Saved entries
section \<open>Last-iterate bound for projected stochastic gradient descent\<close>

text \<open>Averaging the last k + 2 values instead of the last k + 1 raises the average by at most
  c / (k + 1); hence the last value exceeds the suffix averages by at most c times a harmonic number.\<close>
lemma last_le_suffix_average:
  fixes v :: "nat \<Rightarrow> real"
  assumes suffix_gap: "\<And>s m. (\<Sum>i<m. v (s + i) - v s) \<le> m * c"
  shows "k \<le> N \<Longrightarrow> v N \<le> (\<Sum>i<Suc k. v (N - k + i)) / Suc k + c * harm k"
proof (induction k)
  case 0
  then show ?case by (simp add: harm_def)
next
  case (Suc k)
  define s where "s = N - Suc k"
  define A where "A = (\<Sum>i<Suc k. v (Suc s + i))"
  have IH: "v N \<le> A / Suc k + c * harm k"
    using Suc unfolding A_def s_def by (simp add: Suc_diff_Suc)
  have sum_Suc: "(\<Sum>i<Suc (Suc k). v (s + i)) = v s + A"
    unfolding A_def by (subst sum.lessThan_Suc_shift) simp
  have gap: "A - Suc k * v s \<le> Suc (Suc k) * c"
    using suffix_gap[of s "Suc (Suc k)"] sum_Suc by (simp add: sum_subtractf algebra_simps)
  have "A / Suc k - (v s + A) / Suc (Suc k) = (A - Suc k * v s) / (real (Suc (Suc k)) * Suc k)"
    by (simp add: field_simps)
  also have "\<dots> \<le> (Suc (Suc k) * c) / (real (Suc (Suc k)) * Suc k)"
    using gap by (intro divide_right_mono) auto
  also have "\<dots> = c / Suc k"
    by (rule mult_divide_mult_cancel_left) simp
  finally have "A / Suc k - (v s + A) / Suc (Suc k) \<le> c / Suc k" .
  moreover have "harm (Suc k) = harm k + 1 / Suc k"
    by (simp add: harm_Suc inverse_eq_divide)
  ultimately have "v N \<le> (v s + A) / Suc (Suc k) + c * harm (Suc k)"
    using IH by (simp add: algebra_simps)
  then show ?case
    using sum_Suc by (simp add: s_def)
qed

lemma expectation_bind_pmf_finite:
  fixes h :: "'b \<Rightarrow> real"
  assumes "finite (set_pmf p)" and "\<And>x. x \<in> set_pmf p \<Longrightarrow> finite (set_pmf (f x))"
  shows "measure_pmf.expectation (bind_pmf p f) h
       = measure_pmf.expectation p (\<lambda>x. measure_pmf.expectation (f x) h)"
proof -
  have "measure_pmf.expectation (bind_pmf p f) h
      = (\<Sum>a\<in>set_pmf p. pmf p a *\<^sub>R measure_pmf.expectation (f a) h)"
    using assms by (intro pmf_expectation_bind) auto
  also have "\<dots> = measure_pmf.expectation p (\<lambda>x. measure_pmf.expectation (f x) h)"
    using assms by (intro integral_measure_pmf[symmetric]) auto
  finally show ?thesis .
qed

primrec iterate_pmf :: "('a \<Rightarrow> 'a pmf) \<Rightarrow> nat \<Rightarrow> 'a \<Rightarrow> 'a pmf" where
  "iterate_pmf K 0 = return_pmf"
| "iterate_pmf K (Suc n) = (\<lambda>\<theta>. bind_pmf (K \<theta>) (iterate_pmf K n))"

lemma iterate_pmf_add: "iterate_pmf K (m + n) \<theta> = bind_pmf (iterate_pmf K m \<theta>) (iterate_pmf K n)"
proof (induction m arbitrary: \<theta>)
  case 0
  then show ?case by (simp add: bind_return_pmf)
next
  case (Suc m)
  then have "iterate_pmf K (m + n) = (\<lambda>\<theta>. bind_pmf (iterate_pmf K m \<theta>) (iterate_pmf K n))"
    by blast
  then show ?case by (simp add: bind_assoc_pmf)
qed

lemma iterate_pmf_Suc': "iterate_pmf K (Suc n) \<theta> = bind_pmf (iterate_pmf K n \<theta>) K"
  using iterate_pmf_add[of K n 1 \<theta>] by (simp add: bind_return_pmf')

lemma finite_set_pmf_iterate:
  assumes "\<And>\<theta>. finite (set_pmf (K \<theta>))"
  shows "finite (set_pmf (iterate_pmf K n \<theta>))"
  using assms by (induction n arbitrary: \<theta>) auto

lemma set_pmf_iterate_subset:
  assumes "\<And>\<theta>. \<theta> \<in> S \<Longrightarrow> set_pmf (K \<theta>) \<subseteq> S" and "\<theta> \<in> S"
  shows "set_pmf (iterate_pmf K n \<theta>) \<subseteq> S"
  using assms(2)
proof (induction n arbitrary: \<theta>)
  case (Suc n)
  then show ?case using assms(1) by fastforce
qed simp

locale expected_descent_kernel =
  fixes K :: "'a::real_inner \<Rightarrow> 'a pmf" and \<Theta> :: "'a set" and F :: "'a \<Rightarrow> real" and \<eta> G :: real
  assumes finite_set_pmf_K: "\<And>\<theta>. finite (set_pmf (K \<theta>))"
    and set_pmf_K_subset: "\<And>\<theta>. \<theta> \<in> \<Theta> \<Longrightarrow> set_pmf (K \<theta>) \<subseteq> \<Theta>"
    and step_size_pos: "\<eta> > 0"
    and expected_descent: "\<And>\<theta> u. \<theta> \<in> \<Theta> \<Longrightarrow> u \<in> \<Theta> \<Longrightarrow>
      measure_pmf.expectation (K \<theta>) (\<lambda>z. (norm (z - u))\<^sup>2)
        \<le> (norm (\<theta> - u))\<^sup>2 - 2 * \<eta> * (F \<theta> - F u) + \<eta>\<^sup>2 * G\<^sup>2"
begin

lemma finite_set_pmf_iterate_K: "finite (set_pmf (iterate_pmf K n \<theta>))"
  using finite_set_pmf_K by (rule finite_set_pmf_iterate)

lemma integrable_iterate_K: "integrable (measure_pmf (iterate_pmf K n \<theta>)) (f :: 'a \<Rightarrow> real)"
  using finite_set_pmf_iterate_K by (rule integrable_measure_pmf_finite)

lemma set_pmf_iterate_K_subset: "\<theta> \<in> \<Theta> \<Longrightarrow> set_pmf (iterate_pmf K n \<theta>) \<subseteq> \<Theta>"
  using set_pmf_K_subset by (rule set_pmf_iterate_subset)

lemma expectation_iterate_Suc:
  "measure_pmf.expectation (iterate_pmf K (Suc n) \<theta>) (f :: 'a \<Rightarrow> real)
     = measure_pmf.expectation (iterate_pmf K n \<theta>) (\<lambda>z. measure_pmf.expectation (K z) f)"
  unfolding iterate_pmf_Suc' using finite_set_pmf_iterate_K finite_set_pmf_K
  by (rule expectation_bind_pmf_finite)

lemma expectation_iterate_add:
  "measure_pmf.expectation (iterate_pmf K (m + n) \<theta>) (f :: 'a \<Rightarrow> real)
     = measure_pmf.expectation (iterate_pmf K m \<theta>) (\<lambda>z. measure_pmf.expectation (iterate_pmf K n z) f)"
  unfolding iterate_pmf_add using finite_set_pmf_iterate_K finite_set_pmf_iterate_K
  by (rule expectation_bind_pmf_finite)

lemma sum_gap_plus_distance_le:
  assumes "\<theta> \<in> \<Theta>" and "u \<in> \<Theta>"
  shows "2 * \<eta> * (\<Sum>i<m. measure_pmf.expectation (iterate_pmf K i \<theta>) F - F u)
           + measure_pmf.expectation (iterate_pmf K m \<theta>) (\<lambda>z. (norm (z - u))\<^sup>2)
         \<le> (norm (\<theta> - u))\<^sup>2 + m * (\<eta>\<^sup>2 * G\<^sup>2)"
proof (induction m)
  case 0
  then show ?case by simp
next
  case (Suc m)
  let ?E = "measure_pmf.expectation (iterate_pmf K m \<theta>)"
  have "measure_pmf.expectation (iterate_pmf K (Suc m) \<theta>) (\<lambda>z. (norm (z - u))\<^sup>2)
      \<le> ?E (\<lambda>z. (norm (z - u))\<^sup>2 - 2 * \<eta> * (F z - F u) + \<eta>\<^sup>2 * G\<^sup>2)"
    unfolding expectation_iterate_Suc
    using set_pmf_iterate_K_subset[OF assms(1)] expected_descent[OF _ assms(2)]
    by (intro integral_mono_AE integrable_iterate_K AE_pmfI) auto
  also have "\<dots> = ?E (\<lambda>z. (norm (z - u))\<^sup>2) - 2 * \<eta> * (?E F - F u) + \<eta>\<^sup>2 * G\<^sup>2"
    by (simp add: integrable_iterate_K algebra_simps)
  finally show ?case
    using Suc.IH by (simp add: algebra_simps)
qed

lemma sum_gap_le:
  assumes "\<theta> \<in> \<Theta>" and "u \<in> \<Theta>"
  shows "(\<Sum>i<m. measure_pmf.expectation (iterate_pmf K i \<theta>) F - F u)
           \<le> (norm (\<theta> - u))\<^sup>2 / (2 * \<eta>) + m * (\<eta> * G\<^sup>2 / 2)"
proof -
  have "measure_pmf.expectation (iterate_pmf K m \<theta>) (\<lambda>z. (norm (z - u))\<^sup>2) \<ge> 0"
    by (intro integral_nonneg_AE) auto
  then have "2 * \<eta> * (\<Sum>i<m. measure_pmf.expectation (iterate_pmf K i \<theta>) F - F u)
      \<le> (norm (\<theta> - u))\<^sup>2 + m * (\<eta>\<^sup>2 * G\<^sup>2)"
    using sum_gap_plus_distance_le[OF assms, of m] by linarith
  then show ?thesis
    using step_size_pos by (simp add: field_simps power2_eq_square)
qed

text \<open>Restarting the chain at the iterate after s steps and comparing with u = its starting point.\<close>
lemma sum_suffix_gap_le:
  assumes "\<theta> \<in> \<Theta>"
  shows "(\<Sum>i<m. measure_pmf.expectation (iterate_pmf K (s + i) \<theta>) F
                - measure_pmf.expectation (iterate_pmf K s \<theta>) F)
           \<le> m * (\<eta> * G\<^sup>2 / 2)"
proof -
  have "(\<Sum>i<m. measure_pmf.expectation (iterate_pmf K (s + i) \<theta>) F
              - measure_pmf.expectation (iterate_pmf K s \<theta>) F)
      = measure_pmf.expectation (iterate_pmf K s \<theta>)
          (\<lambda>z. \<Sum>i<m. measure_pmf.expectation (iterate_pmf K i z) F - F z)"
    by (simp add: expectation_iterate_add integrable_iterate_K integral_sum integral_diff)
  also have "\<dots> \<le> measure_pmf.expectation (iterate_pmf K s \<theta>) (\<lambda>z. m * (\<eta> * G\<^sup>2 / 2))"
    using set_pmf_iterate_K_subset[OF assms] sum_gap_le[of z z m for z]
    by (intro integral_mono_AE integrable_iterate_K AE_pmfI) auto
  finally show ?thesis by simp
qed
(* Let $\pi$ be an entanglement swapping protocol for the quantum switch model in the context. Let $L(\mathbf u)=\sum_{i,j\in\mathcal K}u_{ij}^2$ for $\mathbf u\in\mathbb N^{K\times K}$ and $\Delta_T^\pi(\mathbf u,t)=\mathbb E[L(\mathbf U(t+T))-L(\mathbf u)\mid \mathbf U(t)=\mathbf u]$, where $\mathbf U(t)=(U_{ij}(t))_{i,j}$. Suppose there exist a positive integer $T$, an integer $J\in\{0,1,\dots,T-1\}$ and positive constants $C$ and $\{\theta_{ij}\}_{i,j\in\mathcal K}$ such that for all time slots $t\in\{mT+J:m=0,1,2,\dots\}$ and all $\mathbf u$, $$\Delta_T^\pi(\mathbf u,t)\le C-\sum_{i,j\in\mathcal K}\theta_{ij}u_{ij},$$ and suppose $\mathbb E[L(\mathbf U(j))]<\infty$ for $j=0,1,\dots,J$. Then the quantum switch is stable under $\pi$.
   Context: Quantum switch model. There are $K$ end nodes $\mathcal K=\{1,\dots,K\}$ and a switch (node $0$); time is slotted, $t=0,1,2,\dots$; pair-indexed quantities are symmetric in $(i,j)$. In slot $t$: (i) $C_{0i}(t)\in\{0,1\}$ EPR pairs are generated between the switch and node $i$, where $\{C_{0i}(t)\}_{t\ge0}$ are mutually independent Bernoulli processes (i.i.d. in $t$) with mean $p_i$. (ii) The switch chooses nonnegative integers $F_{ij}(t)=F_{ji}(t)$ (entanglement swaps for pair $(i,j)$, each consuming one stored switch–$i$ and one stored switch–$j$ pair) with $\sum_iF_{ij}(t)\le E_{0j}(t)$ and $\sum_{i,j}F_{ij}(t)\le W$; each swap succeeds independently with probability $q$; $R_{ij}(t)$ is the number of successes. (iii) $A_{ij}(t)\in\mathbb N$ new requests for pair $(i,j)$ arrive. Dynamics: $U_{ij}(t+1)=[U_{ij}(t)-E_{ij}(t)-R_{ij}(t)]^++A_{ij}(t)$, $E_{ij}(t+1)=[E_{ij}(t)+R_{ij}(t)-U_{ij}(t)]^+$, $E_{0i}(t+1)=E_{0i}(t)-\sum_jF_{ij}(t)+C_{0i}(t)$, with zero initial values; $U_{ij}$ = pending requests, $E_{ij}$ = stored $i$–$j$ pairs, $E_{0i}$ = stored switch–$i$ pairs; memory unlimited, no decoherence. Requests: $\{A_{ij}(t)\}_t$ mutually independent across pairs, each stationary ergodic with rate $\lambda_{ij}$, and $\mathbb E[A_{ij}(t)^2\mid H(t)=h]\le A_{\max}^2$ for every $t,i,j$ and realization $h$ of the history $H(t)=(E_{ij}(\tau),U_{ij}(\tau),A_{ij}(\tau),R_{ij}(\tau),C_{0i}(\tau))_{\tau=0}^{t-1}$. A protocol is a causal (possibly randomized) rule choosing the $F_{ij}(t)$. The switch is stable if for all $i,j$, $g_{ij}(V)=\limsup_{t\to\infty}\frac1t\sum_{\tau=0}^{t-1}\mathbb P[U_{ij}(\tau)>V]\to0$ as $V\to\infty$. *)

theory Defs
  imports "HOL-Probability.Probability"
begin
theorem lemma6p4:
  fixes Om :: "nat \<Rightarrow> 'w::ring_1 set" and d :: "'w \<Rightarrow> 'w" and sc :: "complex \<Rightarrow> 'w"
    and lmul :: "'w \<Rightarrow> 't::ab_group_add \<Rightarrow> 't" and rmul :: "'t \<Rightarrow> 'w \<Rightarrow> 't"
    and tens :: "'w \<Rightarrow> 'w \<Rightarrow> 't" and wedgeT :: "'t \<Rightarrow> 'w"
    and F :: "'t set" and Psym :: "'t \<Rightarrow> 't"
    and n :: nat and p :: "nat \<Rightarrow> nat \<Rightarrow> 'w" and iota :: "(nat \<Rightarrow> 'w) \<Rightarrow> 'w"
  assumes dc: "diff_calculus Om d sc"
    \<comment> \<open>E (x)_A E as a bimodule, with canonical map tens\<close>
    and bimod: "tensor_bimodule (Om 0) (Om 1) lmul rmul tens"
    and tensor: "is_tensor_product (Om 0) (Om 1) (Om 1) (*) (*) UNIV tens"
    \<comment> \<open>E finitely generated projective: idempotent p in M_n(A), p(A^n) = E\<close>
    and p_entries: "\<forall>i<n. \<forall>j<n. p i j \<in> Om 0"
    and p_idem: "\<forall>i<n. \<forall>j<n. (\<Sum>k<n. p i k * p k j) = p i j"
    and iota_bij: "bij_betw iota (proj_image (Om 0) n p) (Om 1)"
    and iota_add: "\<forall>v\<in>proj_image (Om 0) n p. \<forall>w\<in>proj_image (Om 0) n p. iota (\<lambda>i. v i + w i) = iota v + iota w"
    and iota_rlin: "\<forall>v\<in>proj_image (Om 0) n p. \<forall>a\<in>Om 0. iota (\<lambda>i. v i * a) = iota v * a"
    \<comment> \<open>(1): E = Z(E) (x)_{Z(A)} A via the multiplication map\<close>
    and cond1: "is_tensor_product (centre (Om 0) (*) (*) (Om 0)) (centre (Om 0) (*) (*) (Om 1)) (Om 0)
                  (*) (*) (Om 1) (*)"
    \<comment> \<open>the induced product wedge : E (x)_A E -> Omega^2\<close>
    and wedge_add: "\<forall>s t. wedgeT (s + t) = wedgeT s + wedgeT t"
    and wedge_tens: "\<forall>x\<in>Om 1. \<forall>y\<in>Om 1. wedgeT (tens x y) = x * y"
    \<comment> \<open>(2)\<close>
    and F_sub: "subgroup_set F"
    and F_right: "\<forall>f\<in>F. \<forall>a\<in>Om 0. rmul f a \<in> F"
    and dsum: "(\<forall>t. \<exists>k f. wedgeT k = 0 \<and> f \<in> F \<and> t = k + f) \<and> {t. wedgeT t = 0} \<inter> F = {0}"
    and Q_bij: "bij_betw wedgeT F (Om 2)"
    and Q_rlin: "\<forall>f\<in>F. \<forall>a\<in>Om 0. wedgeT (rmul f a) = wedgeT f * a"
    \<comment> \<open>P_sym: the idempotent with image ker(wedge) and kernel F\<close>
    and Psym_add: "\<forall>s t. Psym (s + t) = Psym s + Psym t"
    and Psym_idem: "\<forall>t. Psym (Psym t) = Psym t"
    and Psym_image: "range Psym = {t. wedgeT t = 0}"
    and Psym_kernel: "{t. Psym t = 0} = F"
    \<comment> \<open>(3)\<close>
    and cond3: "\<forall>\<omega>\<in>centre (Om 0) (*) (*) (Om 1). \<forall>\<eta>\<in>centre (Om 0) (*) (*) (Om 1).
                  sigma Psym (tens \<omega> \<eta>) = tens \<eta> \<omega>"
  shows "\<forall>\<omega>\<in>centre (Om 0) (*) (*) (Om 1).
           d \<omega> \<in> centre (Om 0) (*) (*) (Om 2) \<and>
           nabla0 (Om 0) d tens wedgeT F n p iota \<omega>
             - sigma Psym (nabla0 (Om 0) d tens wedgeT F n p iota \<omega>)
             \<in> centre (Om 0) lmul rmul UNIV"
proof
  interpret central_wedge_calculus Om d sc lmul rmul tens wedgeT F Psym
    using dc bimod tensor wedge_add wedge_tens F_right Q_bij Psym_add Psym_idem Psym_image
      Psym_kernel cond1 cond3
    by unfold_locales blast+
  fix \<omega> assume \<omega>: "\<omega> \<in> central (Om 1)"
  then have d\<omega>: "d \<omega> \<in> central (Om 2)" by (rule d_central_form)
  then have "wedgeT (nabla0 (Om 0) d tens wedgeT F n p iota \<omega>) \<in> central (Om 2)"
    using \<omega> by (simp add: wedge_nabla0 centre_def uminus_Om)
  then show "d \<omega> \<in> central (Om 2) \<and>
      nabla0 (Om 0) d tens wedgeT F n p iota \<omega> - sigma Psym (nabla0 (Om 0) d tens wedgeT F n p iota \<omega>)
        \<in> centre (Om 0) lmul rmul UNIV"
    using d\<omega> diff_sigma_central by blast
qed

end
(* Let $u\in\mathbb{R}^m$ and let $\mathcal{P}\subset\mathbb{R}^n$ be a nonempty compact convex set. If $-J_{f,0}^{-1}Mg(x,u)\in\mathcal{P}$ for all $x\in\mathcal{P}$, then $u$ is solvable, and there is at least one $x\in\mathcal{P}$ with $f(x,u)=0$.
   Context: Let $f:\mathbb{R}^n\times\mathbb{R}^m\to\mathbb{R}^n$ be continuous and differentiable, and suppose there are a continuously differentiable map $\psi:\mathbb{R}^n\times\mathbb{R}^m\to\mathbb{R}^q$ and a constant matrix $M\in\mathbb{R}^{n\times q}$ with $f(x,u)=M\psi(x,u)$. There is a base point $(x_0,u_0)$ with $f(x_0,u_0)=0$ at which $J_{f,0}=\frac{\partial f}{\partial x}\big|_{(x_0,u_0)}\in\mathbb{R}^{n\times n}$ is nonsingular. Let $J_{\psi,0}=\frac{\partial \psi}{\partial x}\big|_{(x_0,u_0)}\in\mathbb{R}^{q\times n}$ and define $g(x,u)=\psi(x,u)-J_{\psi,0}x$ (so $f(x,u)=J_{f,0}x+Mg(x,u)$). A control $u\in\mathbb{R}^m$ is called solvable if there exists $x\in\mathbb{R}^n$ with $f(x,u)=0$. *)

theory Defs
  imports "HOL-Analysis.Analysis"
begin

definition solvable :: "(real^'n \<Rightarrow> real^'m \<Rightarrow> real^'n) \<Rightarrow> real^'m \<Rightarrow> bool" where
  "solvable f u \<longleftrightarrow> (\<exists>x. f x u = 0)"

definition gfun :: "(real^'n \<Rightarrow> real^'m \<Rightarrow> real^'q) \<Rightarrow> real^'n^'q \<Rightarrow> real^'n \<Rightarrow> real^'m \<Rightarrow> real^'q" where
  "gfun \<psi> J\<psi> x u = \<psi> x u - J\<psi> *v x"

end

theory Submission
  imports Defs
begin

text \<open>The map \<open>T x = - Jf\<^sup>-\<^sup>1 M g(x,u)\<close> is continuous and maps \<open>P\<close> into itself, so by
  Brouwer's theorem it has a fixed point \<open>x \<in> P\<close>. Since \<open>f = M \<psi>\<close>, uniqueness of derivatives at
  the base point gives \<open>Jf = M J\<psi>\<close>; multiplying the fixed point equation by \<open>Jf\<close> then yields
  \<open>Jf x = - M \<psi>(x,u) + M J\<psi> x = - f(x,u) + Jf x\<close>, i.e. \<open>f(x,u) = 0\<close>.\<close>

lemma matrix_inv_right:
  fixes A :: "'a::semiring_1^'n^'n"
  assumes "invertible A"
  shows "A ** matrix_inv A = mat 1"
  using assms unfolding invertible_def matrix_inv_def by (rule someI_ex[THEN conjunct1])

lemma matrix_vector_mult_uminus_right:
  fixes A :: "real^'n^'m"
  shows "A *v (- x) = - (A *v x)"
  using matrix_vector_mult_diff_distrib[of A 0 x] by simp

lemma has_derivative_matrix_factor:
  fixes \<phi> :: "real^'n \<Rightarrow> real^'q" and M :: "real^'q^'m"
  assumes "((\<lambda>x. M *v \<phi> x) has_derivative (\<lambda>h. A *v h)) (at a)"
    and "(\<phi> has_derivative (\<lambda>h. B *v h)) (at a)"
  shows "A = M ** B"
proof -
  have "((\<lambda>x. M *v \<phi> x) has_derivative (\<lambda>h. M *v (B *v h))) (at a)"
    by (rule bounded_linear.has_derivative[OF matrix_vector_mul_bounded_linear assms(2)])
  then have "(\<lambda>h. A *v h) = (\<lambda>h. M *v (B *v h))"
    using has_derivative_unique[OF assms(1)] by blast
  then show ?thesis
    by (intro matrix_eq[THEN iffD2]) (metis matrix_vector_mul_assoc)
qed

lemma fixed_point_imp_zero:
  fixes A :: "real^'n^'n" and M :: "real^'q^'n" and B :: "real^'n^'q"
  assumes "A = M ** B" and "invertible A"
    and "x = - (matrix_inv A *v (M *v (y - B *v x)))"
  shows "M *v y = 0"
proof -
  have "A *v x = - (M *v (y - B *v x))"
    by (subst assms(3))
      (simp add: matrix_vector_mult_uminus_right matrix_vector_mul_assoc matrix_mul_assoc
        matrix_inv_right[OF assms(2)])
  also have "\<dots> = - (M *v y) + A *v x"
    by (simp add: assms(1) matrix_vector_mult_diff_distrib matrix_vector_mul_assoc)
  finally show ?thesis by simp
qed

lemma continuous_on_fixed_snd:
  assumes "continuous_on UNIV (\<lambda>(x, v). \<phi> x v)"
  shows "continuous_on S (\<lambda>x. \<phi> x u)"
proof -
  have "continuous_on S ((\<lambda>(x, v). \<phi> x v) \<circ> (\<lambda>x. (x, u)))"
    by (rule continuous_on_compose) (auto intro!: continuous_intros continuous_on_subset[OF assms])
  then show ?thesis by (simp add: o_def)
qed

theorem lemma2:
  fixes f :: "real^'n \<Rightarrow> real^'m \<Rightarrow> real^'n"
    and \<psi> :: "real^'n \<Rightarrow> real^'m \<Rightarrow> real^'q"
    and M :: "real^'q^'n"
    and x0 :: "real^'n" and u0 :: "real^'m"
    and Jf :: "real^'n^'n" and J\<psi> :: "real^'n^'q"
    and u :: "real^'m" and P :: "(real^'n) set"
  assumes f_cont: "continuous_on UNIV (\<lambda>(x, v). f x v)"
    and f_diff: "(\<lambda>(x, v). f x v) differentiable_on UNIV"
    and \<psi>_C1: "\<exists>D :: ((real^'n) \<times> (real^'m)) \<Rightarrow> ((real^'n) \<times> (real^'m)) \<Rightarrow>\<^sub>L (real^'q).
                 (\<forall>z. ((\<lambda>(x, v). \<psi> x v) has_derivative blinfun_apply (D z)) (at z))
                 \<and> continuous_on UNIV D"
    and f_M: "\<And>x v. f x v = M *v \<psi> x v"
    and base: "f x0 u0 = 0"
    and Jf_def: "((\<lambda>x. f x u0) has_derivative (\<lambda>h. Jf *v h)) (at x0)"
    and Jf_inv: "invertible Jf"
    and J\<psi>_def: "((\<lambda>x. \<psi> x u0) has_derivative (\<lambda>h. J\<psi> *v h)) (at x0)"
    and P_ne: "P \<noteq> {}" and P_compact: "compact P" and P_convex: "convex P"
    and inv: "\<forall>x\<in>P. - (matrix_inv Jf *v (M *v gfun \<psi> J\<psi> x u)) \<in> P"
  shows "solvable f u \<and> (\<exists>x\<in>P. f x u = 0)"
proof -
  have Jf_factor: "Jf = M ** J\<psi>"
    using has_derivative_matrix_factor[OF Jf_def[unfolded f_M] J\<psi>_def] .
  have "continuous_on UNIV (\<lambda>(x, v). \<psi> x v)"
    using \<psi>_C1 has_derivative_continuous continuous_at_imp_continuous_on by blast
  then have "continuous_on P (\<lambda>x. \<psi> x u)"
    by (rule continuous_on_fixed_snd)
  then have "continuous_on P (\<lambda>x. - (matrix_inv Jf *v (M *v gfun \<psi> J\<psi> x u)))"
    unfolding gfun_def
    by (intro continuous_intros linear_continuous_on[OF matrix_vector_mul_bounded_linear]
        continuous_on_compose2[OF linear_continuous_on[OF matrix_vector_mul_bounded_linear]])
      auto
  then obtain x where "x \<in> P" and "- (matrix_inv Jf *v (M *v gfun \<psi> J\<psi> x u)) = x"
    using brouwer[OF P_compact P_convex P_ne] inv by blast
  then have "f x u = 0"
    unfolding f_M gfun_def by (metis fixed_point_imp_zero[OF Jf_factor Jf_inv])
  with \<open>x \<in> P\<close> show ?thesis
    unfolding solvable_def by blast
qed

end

• _Exercise description_
Whenever "most" occurs in a line of the entries, copy that line.

• _Finished exercise_
text \<open>Averaging the last k + 2 values instead of the last k + 1 raises the average by at most
  c / (k + 1); hence the last value exceeds the suffix averages by at most c times a harmonic number.\<close>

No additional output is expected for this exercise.